You can do trial and error for the next 24 hrs. or find the mathematical proof. It should be on google, as this is a common type of puzzle.

It’s impossible. This is covered by Euler’s Theorem in graph theory. It goes back to the 1700s. (Here and here). A graph (consisting of vertex points connected by line segments) cannot be traced without lifting the pencil if there are more than two odd vertices. A vertex is odd or even depending on how many line segments connect to it. In your graph, all three bottom vertices are odd (3, 5, 3). That makes it impossible.

It makes intuitive sense: An even vertex can be entered and exited again an integral number of times. An odd, vertex, however, must represent either the start or finish of thbe path. Where does that leave the 3rd vertex?

No, it’s not possible.
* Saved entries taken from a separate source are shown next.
lemma sum_sqrt_coeff: "(\<Sum>k\<le>n. sqrt_coeff k) = (1 - 2 * real n) * sqrt_coeff n"
proof (induction n)
  case (Suc n)
  have "(1 - 2 * real n) * sqrt_coeff n = - 2 * (real (Suc n) * sqrt_coeff (Suc n))"
    unfolding sqrt_coeff_Suc by (simp add: algebra_simps)
  with Suc show ?case by (simp add: algebra_simps)
qed simp

lemma sum_sqrt_coeff_nonneg: "0 \<le> (\<Sum>k\<le>n. sqrt_coeff k)"
  unfolding sum_sqrt_coeff using sqrt_coeff_nonpos[of n]
  by (cases "n = 0") (auto intro: mult_nonpos_nonpos)

lemma sum_abs_sqrt_coeff: "(\<Sum>k<Suc n. \<bar>sqrt_coeff k\<bar>) = 2 - (\<Sum>k\<le>n. sqrt_coeff k)"
proof (induction n)
  case (Suc n)
  have "\<bar>sqrt_coeff (Suc n)\<bar> = - sqrt_coeff (Suc n)" using sqrt_coeff_nonpos[of "Suc n"] by simp
  with Suc show ?case by simp
qed simp

lemma summable_abs_sqrt_coeff: "summable (\<lambda>k. \<bar>sqrt_coeff k\<bar>)"
proof (rule summableI_nonneg_bounded[of _ 2])
  show "(\<Sum>k<n. \<bar>sqrt_coeff k\<bar>) \<le> 2" for n
    using sum_abs_sqrt_coeff[of "n - 1"] sum_sqrt_coeff_nonneg[of "n - 1"] by (cases n) auto
qed simp

text \<open>The series squares to 1 - t, by Vandermonde's identity for 1/2 + 1/2 = 1.\<close>

lemma sqrt_coeff_convolution:
  "(\<Sum>i\<le>n. sqrt_coeff i * sqrt_coeff (n - i)) = (if n = 0 then 1 else if n = 1 then -1 else 0)"
proof -
  have "(\<Sum>i\<le>n. sqrt_coeff i * sqrt_coeff (n - i))
      = (\<Sum>i\<le>n. ((1/2::real) gchoose i) * ((1/2) gchoose (n - i))) * (-1)^n"
    unfolding sum_distrib_right
  proof (rule sum.cong)
    fix i assume "i \<in> {..n}"
    then have "(-1::real)^i * (-1)^(n-i) = (-1)^n" by (metis atMost_iff le_add_diff_inverse power_add)
    then show "sqrt_coeff i * sqrt_coeff (n - i) = ((1/2::real) gchoose i) * ((1/2) gchoose (n - i)) * (-1)^n"
      unfolding sqrt_coeff_def by (metis (no_types, lifting) mult.assoc mult.left_commute)
  qed simp
  also have "(\<Sum>i\<le>n. ((1/2::real) gchoose i) * ((1/2) gchoose (n - i))) = (1::real) gchoose n"
    using gbinomial_Vandermonde[of "1/2::real" "1/2" n] by (simp add: atLeast0AtMost)
  also have "\<dots> = real (1 choose n)"
    using binomial_gbinomial[of 1 n, where 'a=real] by simp
  also have "real (1 choose n) * (-1)^n = (if n = 0 then 1 else if n = 1 then -1 else 0)"
  proof (cases "n < 2")
    case True
    then consider "n = 0" | "n = 1" by linarith
    then show ?thesis by cases simp_all
  qed (simp add: binomial_eq_0)
  finally show ?thesis .
qed

lemma infsum_diagonals:
  fixes F :: "nat \<times> nat \<Rightarrow> 'a::banach"
  assumes "F summable_on UNIV \<times> UNIV"
  shows "infsum F (UNIV \<times> UNIV) = (\<Sum>\<^sub>\<infinity>n. \<Sum>i\<le>n. F (i, n - i))"
proof -
  have bij: "bij_betw (\<lambda>(n,i). (i, n - i)) (SIGMA n:UNIV. {..n::nat}) (UNIV \<times> UNIV)"
    by (rule bij_betw_byWitness[where f' = "\<lambda>(j,k). (j + k, j)"]) auto
  let ?G = "\<lambda>p. F ((\<lambda>(n,i). (i, n - i)) p)"
  have "infsum F (UNIV \<times> UNIV) = infsum ?G (SIGMA n:UNIV. {..n})"
    by (rule infsum_reindex_bij_betw[OF bij, symmetric])
  also have "\<dots> = (\<Sum>\<^sub>\<infinity>n. \<Sum>\<^sub>\<infinity>i\<in>{..n}. ?G (n, i))"
    using assms summable_on_reindex_bij_betw[OF bij, of F]
    by (intro infsum_Sigma_banach[symmetric]) simp
  finally show ?thesis by simp
qed

text \<open>For 0 \<le> C \<le> 1 the series of sqrt(1 - t) at t = C converges absolutely to a positive
  square root of 1 - C.\<close>

locale positive_contraction =
  fixes C :: "'a::complex_hilbert \<Rightarrow> 'a"
  assumes bounded_clinear: "bounded_clinear_op C" and selfadjoint: "selfadjoint_op C"
    and positive: "positive_op C" and form_le: "\<And>x. inner (C x) x \<le> inner x x"
begin

lemma norm_le: "norm (C x) \<le> norm x"
  using selfadjoint_op_norm_le[OF bounded_clinear_op_linear[OF bounded_clinear] selfadjoint, of 1]
    form_le positive by (simp add: positive_op_def power2_norm_eq_inner)

lemma bounded_clinear_funpow: "bounded_clinear_op (C ^^ k)"
  by (induction k) (auto simp: bounded_clinear_op_ident bounded_clinear_op_compose bounded_clinear)

lemma bounded_linear_funpow: "bounded_linear (C ^^ k)"
  using bounded_clinear_funpow by (rule bounded_clinear_op_linear)

lemma norm_funpow_le: "norm ((C ^^ k) x) \<le> norm x"
  by (induction k) (auto intro: order_trans[OF norm_le])

lemma selfadjoint_funpow: "inner ((C ^^ k) x) y = inner x ((C ^^ k) y)"
proof (induction k arbitrary: x y)
  case (Suc k)
  have "inner ((C ^^ Suc k) x) y = inner ((C ^^ k) x) (C y)"
    using selfadjoint by (simp add: selfadjoint_op_def)
  also have "\<dots> = inner x ((C ^^ Suc k) y)" by (simp add: Suc funpow_swap1)
  finally show ?case .
qed simp

definition sqrt_compl :: "'a \<Rightarrow> 'a" where
  "sqrt_compl x = (\<Sum>k. sqrt_coeff k *\<^sub>R (C ^^ k) x)"

lemma norm_series_term_le: "norm (sqrt_coeff k *\<^sub>R (C ^^ k) x) \<le> \<bar>sqrt_coeff k\<bar> * norm x"
  by (simp add: mult_left_mono norm_funpow_le)

lemma summable_norm_series: "summable (\<lambda>k. norm (sqrt_coeff k *\<^sub>R (C ^^ k) x))"
  by (rule summable_comparison_test[OF _ summable_mult2[OF summable_abs_sqrt_coeff, of "norm x"]])
     (use norm_series_term_le in auto)

lemma summable_series: "summable (\<lambda>k. sqrt_coeff k *\<^sub>R (C ^^ k) x)"
  by (rule summable_norm_cancel[OF summable_norm_series])

lemma bounded_linear_sqrt_compl_apply:
  assumes "bounded_linear h"
  shows "h (sqrt_compl x) = (\<Sum>k. h (sqrt_coeff k *\<^sub>R (C ^^ k) x))"
  unfolding sqrt_compl_def by (rule bounded_linear.suminf[OF assms summable_series])

lemma bounded_linear_sqrt_compl: "bounded_linear sqrt_compl"
proof (rule bounded_linear_intro)
  show "sqrt_compl (x + y) = sqrt_compl x + sqrt_compl y" for x y
    unfolding sqrt_compl_def
    by (simp add: linear_add[OF bounded_linear.linear[OF bounded_linear_funpow]] scaleR_add_right
        suminf_add[OF summable_series summable_series])
  show "sqrt_compl (r *\<^sub>R x) = r *\<^sub>R sqrt_compl x" for r x
    using bounded_linear_sqrt_compl_apply[OF bounded_linear_scaleR_right, of r x]
    by (simp add: sqrt_compl_def linear_scale[OF bounded_linear.linear[OF bounded_linear_funpow]]
        mult.commute)
  show "norm (sqrt_compl x) \<le> norm x * (\<Sum>k. \<bar>sqrt_coeff k\<bar>)" for x
  proof -
    have "norm (sqrt_compl x) \<le> (\<Sum>k. norm (sqrt_coeff k *\<^sub>R (C ^^ k) x))"
      unfolding sqrt_compl_def by (rule summable_norm[OF summable_norm_series])
    also have "\<dots> \<le> (\<Sum>k. \<bar>sqrt_coeff k\<bar> * norm x)"
      by (rule suminf_le[OF norm_series_term_le summable_norm_series
            summable_mult2[OF summable_abs_sqrt_coeff]])
    also have "\<dots> = norm x * (\<Sum>k. \<bar>sqrt_coeff k\<bar>)"
      by (simp add: suminf_mult[OF summable_abs_sqrt_coeff] mult.commute)
    finally show ?thesis .
  qed
qed

lemma commute_sqrt_compl:
  assumes Z: "bounded_linear Z" and ZC: "\<And>x. Z (C x) = C (Z x)"
  shows "Z (sqrt_compl x) = sqrt_compl (Z x)"
proof -
  have Zk: "Z ((C ^^ k) y) = (C ^^ k) (Z y)" for k y
    by (induction k) (auto simp: ZC)
  have "Z (sqrt_compl x) = (\<Sum>k. Z (sqrt_coeff k *\<^sub>R (C ^^ k) x))"
    by (rule bounded_linear_sqrt_compl_apply[OF Z])
  also have "\<dots> = sqrt_compl (Z x)"
    unfolding sqrt_compl_def by (simp add: Zk linear_scale[OF bounded_linear.linear[OF Z]])
  finally show ?thesis .
qed

lemma bounded_clinear_sqrt_compl: "bounded_clinear_op sqrt_compl"
  using bounded_linear_sqrt_compl commute_sqrt_compl[OF bounded_linear_imult]
    bounded_clinear_op_imult[OF bounded_clinear]
  by (simp add: bounded_clinear_op_def)

lemma selfadjoint_sqrt_compl: "selfadjoint_op sqrt_compl"
  unfolding selfadjoint_op_def
proof (intro allI)
  fix x y
  have "inner (sqrt_compl x) y = (\<Sum>k. inner (sqrt_coeff k *\<^sub>R (C ^^ k) x) y)"
    by (rule bounded_linear_sqrt_compl_apply[OF bounded_linear_inner_left])
  also have "\<dots> = (\<Sum>k. inner x (sqrt_coeff k *\<^sub>R (C ^^ k) y))" by (simp add: selfadjoint_funpow)
  also have "\<dots> = inner x (sqrt_compl y)"
    by (rule bounded_linear_sqrt_compl_apply[OF bounded_linear_inner_right, symmetric])
  finally show "inner (sqrt_compl x) y = inner x (sqrt_compl y)" .
qed

text \<open>Each term with k \<ge> 1 has nonpositive coefficient and form at most inner x x,
  and the partial sums of the coefficients are nonnegative.\<close>

lemma positive_sqrt_compl: "positive_op sqrt_compl"
  unfolding positive_op_def
proof
  fix x
  let ?f = "\<lambda>k. inner (sqrt_coeff k *\<^sub>R (C ^^ k) x) x"
  have term_ge: "sqrt_coeff k * inner x x \<le> ?f k" for k
  proof (cases "k = 0")
    case False
    have "inner ((C ^^ k) x) x \<le> norm ((C ^^ k) x) * norm x" by (rule norm_cauchy_schwarz)
    also have "\<dots> \<le> inner x x" using norm_funpow_le[of k x]
      by (simp add: power2_norm_eq_inner[symmetric] power2_eq_square mult_right_mono)
    finally show ?thesis using sqrt_coeff_nonpos[of k] False
      by (simp add: mult_left_mono_neg)
  qed simp
  have "0 \<le> (\<Sum>k<Suc n. ?f k)" for n
  proof -
    have "0 \<le> (\<Sum>k\<le>n. sqrt_coeff k) * inner x x" using sum_sqrt_coeff_nonneg by simp
    also have "\<dots> \<le> (\<Sum>k<Suc n. ?f k)"
      using sum_mono[OF term_ge] by (simp add: sum_distrib_right lessThan_Suc_atMost)
    finally show ?thesis .
  qed
  moreover have "(\<lambda>n. \<Sum>k<Suc n. ?f k) \<longlonglongrightarrow> (\<Sum>k. ?f k)"
    using bounded_linear.summable[OF bounded_linear_inner_left summable_series]
    by (intro LIMSEQ_Suc summable_LIMSEQ)
  ultimately have "0 \<le> (\<Sum>k. ?f k)"
    by (intro LIMSEQ_le_const) auto
  then show "0 \<le> inner (sqrt_compl x) x"
    by (simp add: bounded_linear_sqrt_compl_apply[OF bounded_linear_inner_left])
qed

lemma has_sum_series: "((\<lambda>k. sqrt_coeff k *\<^sub>R (C ^^ k) x) has_sum sqrt_compl x) UNIV"
  unfolding sqrt_compl_def
  by (rule norm_summable_imp_has_sum[OF summable_norm_series summable_sums[OF summable_series]])

lemma summable_on_product_series:
  "(\<lambda>(j,k). (sqrt_coeff j * sqrt_coeff k) *\<^sub>R (C ^^ (j + k)) x) summable_on (UNIV \<times> UNIV)"
proof (rule abs_summable_summable)
  have abs_has_sum: "((\<lambda>k. \<bar>sqrt_coeff k\<bar>) has_sum (\<Sum>k. \<bar>sqrt_coeff k\<bar>)) UNIV"
    using norm_summable_imp_has_sum[of "\<lambda>k. \<bar>sqrt_coeff k\<bar>"] summable_abs_sqrt_coeff
    by (simp add: summable_sums)
  have "(\<lambda>(j,k). \<bar>sqrt_coeff j\<bar> * (\<bar>sqrt_coeff k\<bar> * norm x)) summable_on (UNIV \<times> UNIV)"
  proof (rule summable_on_SigmaI[where g = "\<lambda>j. \<bar>sqrt_coeff j\<bar> * ((\<Sum>k. \<bar>sqrt_coeff k\<bar>) * norm x)"])
    fix j :: nat
    show "((\<lambda>k. case (j, k) of (j, k) \<Rightarrow> \<bar>sqrt_coeff j\<bar> * (\<bar>sqrt_coeff k\<bar> * norm x))
        has_sum \<bar>sqrt_coeff j\<bar> * ((\<Sum>k. \<bar>sqrt_coeff k\<bar>) * norm x)) UNIV"
      by (simp add: has_sum_cmult_right has_sum_cmult_left abs_has_sum)
  next
    show "(\<lambda>j. \<bar>sqrt_coeff j\<bar> * ((\<Sum>k. \<bar>sqrt_coeff k\<bar>) * norm x)) summable_on UNIV"
      using has_sum_cmult_left[OF abs_has_sum] by (auto simp: summable_on_def)
  qed auto
  then have "(\<lambda>p. norm ((\<lambda>(j,k). \<bar>sqrt_coeff j\<bar> * (\<bar>sqrt_coeff k\<bar> * norm x)) p))
      summable_on (UNIV \<times> UNIV)"
    by (simp add: case_prod_unfold abs_mult)
  then show "(\<lambda>p. norm ((\<lambda>(j,k). (sqrt_coeff j * sqrt_coeff k) *\<^sub>R (C ^^ (j + k)) x) p))
      summable_on (UNIV \<times> UNIV)"
    by (rule Infinite_Sum.abs_summable_on_comparison_test)
       (auto simp: abs_mult mult.assoc intro!: mult_left_mono norm_funpow_le)
qed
I just worked on it for about 20 minutes. You can do the first house very easily, but not with the second one attatched.

@WillWorkForChocolate: It’s quicker to do the math apparently.

It is not possible and here is why:

If the graph is traceable, all vertices must have an even number of connections from it, except for possibly two of them. This is because you must both arrive and leave at every point except for the start and the end. You may visit each point any number of times, but since you must both arrive and leave (2 connections) each time you visit a vertex, the total number of connections for a transversed vertex is

2*(# of visits) = # of connections, an even number

If the start and the end are on different vertices, those two would have an odd number. This is a quick method of finding the start and finish vertices, by locating the two vertices with an odd number of connections. If the graph has more than two vertices with an odd number, then is not traceable. If one vertex is the start and a second is the end, then the others must be transversed and the above formula applies to the number of connections. For the formula to give the correct number of connections for those other odd vertices, we must have visited them a fractional number of times, which is not possible.

In the example, we have four vertices with an odd number of connections. These four points have 3, 3, 7, and 5 connections. If the two 3’s are the start and end, then we must have visited the vertex with 7 connections 3.5 times and the vertex with 5 connections 2.5 times, a logical impossibility.

Here’s a more fluffy answer for this specific drawing:

Three of the vertexes are odd. (the one connecting the two roofs, and the two outside bottom corners of the drawing)

So even if you chose one of them as your start point, and the other as your end point, you’re still gonna have that third one to deal with. And since it has an odd number of lines connecting to it, you will not be able to draw all those lines and still continue to your chosen end point.